Posted: Thu Apr 15, 2010 9:26 pm
by -SWS
Muse-Inc wrote:I am one of those easily awakened by noise, light, movements (even too much air circulation). Although CPAP therapy has raised the threshold for awakenings from these, I still experience multiple frustrating nightime wakeups.
echo wrote:Back to topic, that hypersensitivity issue keeps coming back again and again. I wish they did some studies on that. Is there no way to measure hyper-sensitivity in the brain, maybe via functional MRI or SPECT/PET? They have shown for example that some people's pain perception is related to hypersensitivity in the brain (as in phantom limb syndrome) rather than in the nerves.... would be interesting to look at hypersensitivity & arousals during sleep.
blizzardboy wrote:
-SWS wrote: If you happen to score borderline or high on this non-scientific HSP screening questionnaire then I personally suspect that your stimulus/response equation to poor sleep and EDS is probably highly multifactorial as a matter of both hypersensitivity and hyper-responsiveness.
FWIW I scored 21/25 - bit touchy, eh?
-SWS wrote:
SleepingUgly wrote:
-SWS wrote:If you happen to score borderline or high on this non-scientific HSP screening questionnaire then I personally suspect that your stimulus/response equation to poor sleep and EDS is probably highly multifactorial as a matter of both hypersensitivity and hyper-responsiveness.
I've seen this questionnaire cited several times on this forum. I don't know what established construct it's trying to measure, or anything else about its validity or reliability. It almost seems to be some kind of measure of sensory issues, as in sensory integration disorder.

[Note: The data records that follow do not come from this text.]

lemma perm_inverse_in_perms:
  assumes "\<sigma> \<in> perms k"
  shows "perm_inverse \<sigma> \<in> perms k"
proof -
  have \<sigma>: "length \<sigma> = k" "distinct \<sigma>" "set \<sigma> = {1..k}" using assms by (auto simp: perms_def)
  define f where "f j = (THE a. a \<in> {1..k} \<and> \<sigma> ! (a - 1) = j)" for j
  have f: "f j \<in> {1..k} \<and> \<sigma> ! (f j - 1) = j" if "j \<in> {1..k}" for j
  proof -
    have "j \<in> set \<sigma>" using that \<sigma>(3) by simp
    then obtain i where i: "i < k" "\<sigma> ! i = j" by (auto simp: in_set_conv_nth \<sigma>(1))
    have "\<exists>!a. a \<in> {1..k} \<and> \<sigma> ! (a - 1) = j"
    proof (rule ex1I[of _ "i + 1"])
      show "i + 1 \<in> {1..k} \<and> \<sigma> ! (i + 1 - 1) = j" using i by simp
      fix a assume a: "a \<in> {1..k} \<and> \<sigma> ! (a - 1) = j"
      then have "a - 1 = i" using i \<sigma>(1,2) nth_eq_iff_index_eq by fastforce
      then show "a = i + 1" using a by auto
    qed
    then show ?thesis unfolding f_def by (rule theI')
  qed
  then have "inj_on f {1..k}" by (metis inj_onI)
  moreover have "f ` {1..k} = {1..k}"
    using f \<open>inj_on f {1..k}\<close> by (intro endo_inj_surj) auto
  moreover have "perm_inverse \<sigma> = map f [1..<k+1]"
    by (simp add: perm_inverse_def f_def \<sigma>(1))
  moreover have "set [1..<k+1] = {1..k}" by auto
  ultimately show ?thesis by (simp add: perms_def distinct_map del: upt_Suc)
qed

section \<open>Patterns with three pinned entries\<close>

definition pinning_sets :: "nat set set" where
  "pinning_sets = {{0,1,2}, {0,1,3}, {0,2,3}, {1,2,3}}"

definition pinned_pattern :: "bvpat \<Rightarrow> bool" where
  "pinned_pattern q \<longleftrightarrow>
     (\<exists>\<tau> S. \<tau> \<in> perms 3 \<and> S \<in> pinning_sets \<and> (q = (\<tau>, {}, S) \<or> q = (\<tau>, S, {})))"

lemma pinned_pattern_valuesI: "\<tau> \<in> perms 3 \<Longrightarrow> S \<in> pinning_sets \<Longrightarrow> pinned_pattern (\<tau>, {}, S)"
  and pinned_pattern_positionsI: "\<tau> \<in> perms 3 \<Longrightarrow> S \<in> pinning_sets \<Longrightarrow> pinned_pattern (\<tau>, S, {})"
  unfolding pinned_pattern_def by blast+

lemma pinned_patternE:
  assumes "pinned_pattern q"
  obtains (value_pinned) \<tau> S where "\<tau> \<in> perms 3" "S \<in> pinning_sets" "q = (\<tau>, {}, S)"
    | (position_pinned) \<tau> S where "\<tau> \<in> perms 3" "S \<in> pinning_sets" "q = (\<tau>, S, {})"
  using assms unfolding pinned_pattern_def by blast

lemma pinning_sets_reflect: "S \<in> pinning_sets \<Longrightarrow> (\<lambda>x. 3 - x) ` S \<in> pinning_sets"
proof -
  have "(\<lambda>x::nat. 3 - x) ` {0,1,2} = {1,2,3}" "(\<lambda>x::nat. 3 - x) ` {0,1,3} = {0,2,3}"
    "(\<lambda>x::nat. 3 - x) ` {0,2,3} = {0,1,3}" "(\<lambda>x::nat. 3 - x) ` {1,2,3} = {0,1,2}"
    by auto
  then show "S \<in> pinning_sets \<Longrightarrow> ?thesis"
    unfolding pinning_sets_def by (elim insertE emptyE; hypsubst; simp only: insert_iff simp_thms)
qed

lemma pinned_pattern_sym_i: "pinned_pattern q \<Longrightarrow> pinned_pattern (sym_i q)"
  by (erule pinned_patternE)
    (simp_all add: sym_i_def perm_inverse_in_perms pinned_pattern_valuesI pinned_pattern_positionsI)

lemma pinned_pattern_sym_r: "pinned_pattern q \<Longrightarrow> pinned_pattern (sym_r q)"
  by (erule pinned_patternE)
    (simp_all add: sym_r_def perms_def pinning_sets_reflect pinned_pattern_valuesI pinned_pattern_positionsI)

lemma pinned_pattern_sym_c:
  assumes "pinned_pattern q"
  shows "pinned_pattern (sym_c q)"
proof -
  have complement: "map (\<lambda>v. 4 - v) \<tau> \<in> perms 3" if "\<tau> \<in> perms 3" for \<tau> :: "nat list"
    using that unfolding perms_3 by (elim insertE emptyE) simp_all
  have length: "length \<tau> = 3" if "\<tau> \<in> perms 3" for \<tau> :: "nat list"
    using that by (simp add: perms_def)
  from assms show ?thesis
    by (cases rule: pinned_patternE)
      (simp_all add: sym_c_def complement length pinning_sets_reflect pinned_pattern_valuesI
        pinned_pattern_positionsI)
qed

lemma pinned_pattern_sym_class: "q \<in> sym_class p \<Longrightarrow> pinned_pattern p \<Longrightarrow> pinned_pattern q"
  by (induction rule: sym_class.induct)
    (auto intro: pinned_pattern_sym_i pinned_pattern_sym_r pinned_pattern_sym_c)

section \<open>The six relative orders of three entries\<close>

definition orderings :: "(nat \<times> nat \<times> nat) set" where
  "orderings = {(1,2,3), (1,3,2), (2,1,3), (2,3,1), (3,1,2), (3,2,1)}"

definition increasing3 :: "(nat \<Rightarrow> 'a::linorder) \<Rightarrow> nat \<times> nat \<times> nat \<Rightarrow> bool" where
  "increasing3 x r \<longleftrightarrow> (case r of (a, b, c) \<Rightarrow> x a < x b \<and> x b < x c)"

lemma card_orderings: "card orderings = 6"
  by (simp add: orderings_def)

lemma orderings_cover:
  assumes "inj_on x {1,2,3}"
  shows "\<exists>r\<in>orderings. increasing3 x r"
proof -
  have "x 1 \<noteq> x 2" "x 1 \<noteq> x 3" "x 2 \<noteq> x 3" using assms by (auto simp: inj_on_def)
  then show ?thesis
    by (cases "x 1 < x 2"; cases "x 2 < x 3"; cases "x 1 < x 3")
      (auto simp: orderings_def increasing3_def not_less order_le_neq_trans)
qed

lemma orderings_unique:
  "r \<in> orderings \<Longrightarrow> r' \<in> orderings \<Longrightarrow> increasing3 x r \<Longrightarrow> increasing3 x r' \<Longrightarrow> r = r'"
  unfolding orderings_def increasing3_def by auto

lemma card_class_transpose:
  fixes T :: "'w \<Rightarrow> nat \<Rightarrow> 'a::linorder"
  assumes g: "\<And>w. w \<in> P \<Longrightarrow> g w \<in> P \<and> g (g w) = w"
    and T: "\<And>w k. w \<in> P \<Longrightarrow> k \<in> {1,2,3} \<Longrightarrow> T (g w) k = T w (transpose i j k)"
    and ij: "i \<in> {1,2,3}" "j \<in> {1,2,3}" and abc: "a \<in> {1,2,3}" "b \<in> {1,2,3}" "c \<in> {1,2,3}"
  shows "card {w \<in> P. increasing3 (T w) (a, b, c)} =
    card {w \<in> P. increasing3 (T w) (transpose i j a, transpose i j b, transpose i j c)}"
    (is "card ?A = card ?B")
proof (rule bij_betw_same_card, rule bij_betw_byWitness[where f' = g])
  have s: "transpose i j k \<in> {1,2,3}" if "k \<in> {1,2,3}" for k
    using that ij by (auto simp: transpose_def)
  show "g ` ?A \<subseteq> ?B" using g T abc s by (auto simp: increasing3_def)
  show "g ` ?B \<subseteq> ?A" using g T abc s by (auto simp: increasing3_def)
qed (use g in auto)

lemma card_increasing3_class:
  fixes T :: "'w \<Rightarrow> nat \<Rightarrow> 'a::linorder"
  assumes "finite P"
    and inj: "\<And>w. w \<in> P \<Longrightarrow> inj_on (T w) {1,2,3}"
    and g: "\<And>w. w \<in> P \<Longrightarrow> g w \<in> P \<and> g (g w) = w"
      "\<And>w k. w \<in> P \<Longrightarrow> k \<in> {1,2,3} \<Longrightarrow> T (g w) k = T w (transpose 1 2 k)"
    and h: "\<And>w. w \<in> P \<Longrightarrow> h w \<in> P \<and> h (h w) = w"
      "\<And>w k. w \<in> P \<Longrightarrow> k \<in> {1,2,3} \<Longrightarrow> T (h w) k = T w (transpose 2 3 k)"
    and r: "r \<in> orderings"
  shows "6 * card {w \<in> P. increasing3 (T w) r} = card P"
proof -
  define C where "C r = {w \<in> P. increasing3 (T w) r}" for r
  have card_swap12: "card (C (a, b, c)) = card (C (transpose 1 2 a, transpose 1 2 b, transpose 1 2 c))"
    if "a \<in> {1,2,3}" "b \<in> {1,2,3}" "c \<in> {1,2,3}" for a b c
    unfolding C_def by (rule card_class_transpose[where g = g]) (use g that in simp_all)
  have card_swap23: "card (C (a, b, c)) = card (C (transpose 2 3 a, transpose 2 3 b, transpose 2 3 c))"
    if "a \<in> {1,2,3}" "b \<in> {1,2,3}" "c \<in> {1,2,3}" for a b c
    unfolding C_def by (rule card_class_transpose[where g = h]) (use h that in simp_all)
  have same: "card (C r) = card (C (1, 2, 3))" if "r \<in> orderings" for r
  proof -
    have "card (C (1,3,2)) = card (C (1,2,3))" "card (C (2,1,3)) = card (C (1,2,3))"
      using card_swap12[of 1 2 3] card_swap23[of 1 2 3] by simp_all
    moreover have "card (C (2,3,1)) = card (C (1,3,2))" "card (C (3,1,2)) = card (C (2,1,3))"
      using card_swap12[of 1 3 2] card_swap23[of 2 1 3] by simp_all
    moreover have "card (C (3,2,1)) = card (C (3,1,2))"
      using card_swap12[of 3 1 2] by simp
    ultimately show ?thesis using that by (auto simp: orderings_def)
  qed
  have "P = (\<Union>r\<in>orderings. C r)"
    using orderings_cover inj by (auto simp: C_def)
  then have "card P = card (\<Union>r\<in>orderings. C r)" by simp
  also have "\<dots> = (\<Sum>r\<in>orderings. card (C r))"
  proof (rule card_UN_disjoint)
    show "finite orderings" by (simp add: orderings_def)
    show "\<forall>r\<in>orderings. finite (C r)" using \<open>finite P\<close> by (simp add: C_def)
    show "\<forall>r\<in>orderings. \<forall>r'\<in>orderings. r \<noteq> r' \<longrightarrow> C r \<inter> C r' = {}"
      using orderings_unique by (fastforce simp: C_def)
  qed
  also have "\<dots> = 6 * card (C (1, 2, 3))"
    using same card_orderings by simp
  finally show ?thesis using same[OF r] by (simp add: C_def)
qed

definition same_order :: "(nat \<Rightarrow> 'a::linorder) \<Rightarrow> (nat \<Rightarrow> 'b::linorder) \<Rightarrow> bool" where
  "same_order x y \<longleftrightarrow> (\<forall>a\<in>{1..3}. \<forall>b\<in>{1..3}. (x a < x b) = (y a < y b))"

lemma same_order_cong:
  "(\<And>k. k \<in> {1,2,3} \<Longrightarrow> x k = x' k) \<Longrightarrow> same_order x y \<longleftrightarrow> same_order x' y"
  unfolding same_order_def atLeastAtMost_1_3 by simp

lemma perms_3_ordering:
  assumes "\<tau> \<in> perms 3"
  shows "\<exists>(a, b, c)\<in>orderings. \<tau> ! (a - 1) = 1 \<and> \<tau> ! (b - 1) = 2 \<and> \<tau> ! (c - 1) = 3"
  using assms unfolding perms_3 orderings_def by (elim insertE emptyE) auto

lemma same_order_iff_increasing3:
  fixes x y :: "nat \<Rightarrow> nat"
  assumes r: "(a, b, c) \<in> orderings" and "inj_on x {1,2,3}" and y: "increasing3 y (a, b, c)"
  shows "same_order x y \<longleftrightarrow> increasing3 x (a, b, c)"
proof -
  have abc: "{1..3} = {a, b, c}" using r by (auto simp: orderings_def)
  have "x a \<noteq> x b" "x a \<noteq> x c" "x b \<noteq> x c" using assms(2) r by (auto simp: inj_on_def orderings_def)
  with y show ?thesis unfolding same_order_def abc increasing3_def by auto
qed

lemma sort_increasing3:
  fixes x :: "nat \<Rightarrow> 'a::linorder"
  assumes "(a, b, c) \<in> orderings" "increasing3 x (a, b, c)"
  shows "sort [x 1, x 2, x 3] = [x a, x b, x c]"
  using assms unfolding orderings_def increasing3_def by (elim insertE emptyE) auto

Dr. Park holds that those with UARS have a hyperarousable nervous system, and that Dr. Guilleminault thinks that's why they tolerate CPAP as well (although I have yet to see anything Dr. Guilleminault has written along those lines). There is lots of information about people with UARS having lots of functional somatic syndromes, such as Irritable Bowel, Fybromyalgia, etc. I was under the impression that much of this resolves when the underlying SDB is treated. So IF there is a hyperarousable NS in UARS patients, I wonder if it's the chicken or the egg. In any event, other than being a very light sleeper, and a few other mild symptoms such as startling when a bird crashed into my window 3 feet from my head just now, leaving the contents of his GI track all over it, I don't think I qualify for whatever it is this scale is measuring.
SU, if you don't mind I'll put a placeholder on my own conversation and even conjecture about the above until after Muffy's, jnk's, Rebecca R's, et al's informative PLM & RERA discussion. THAT'S the kind of useful information I would focus on right now regarding your own past and future sleep studies. Excellent PLM information so far IMHO... Also hope to hear any PLM or RERA thoughts Kathy and others might have as well.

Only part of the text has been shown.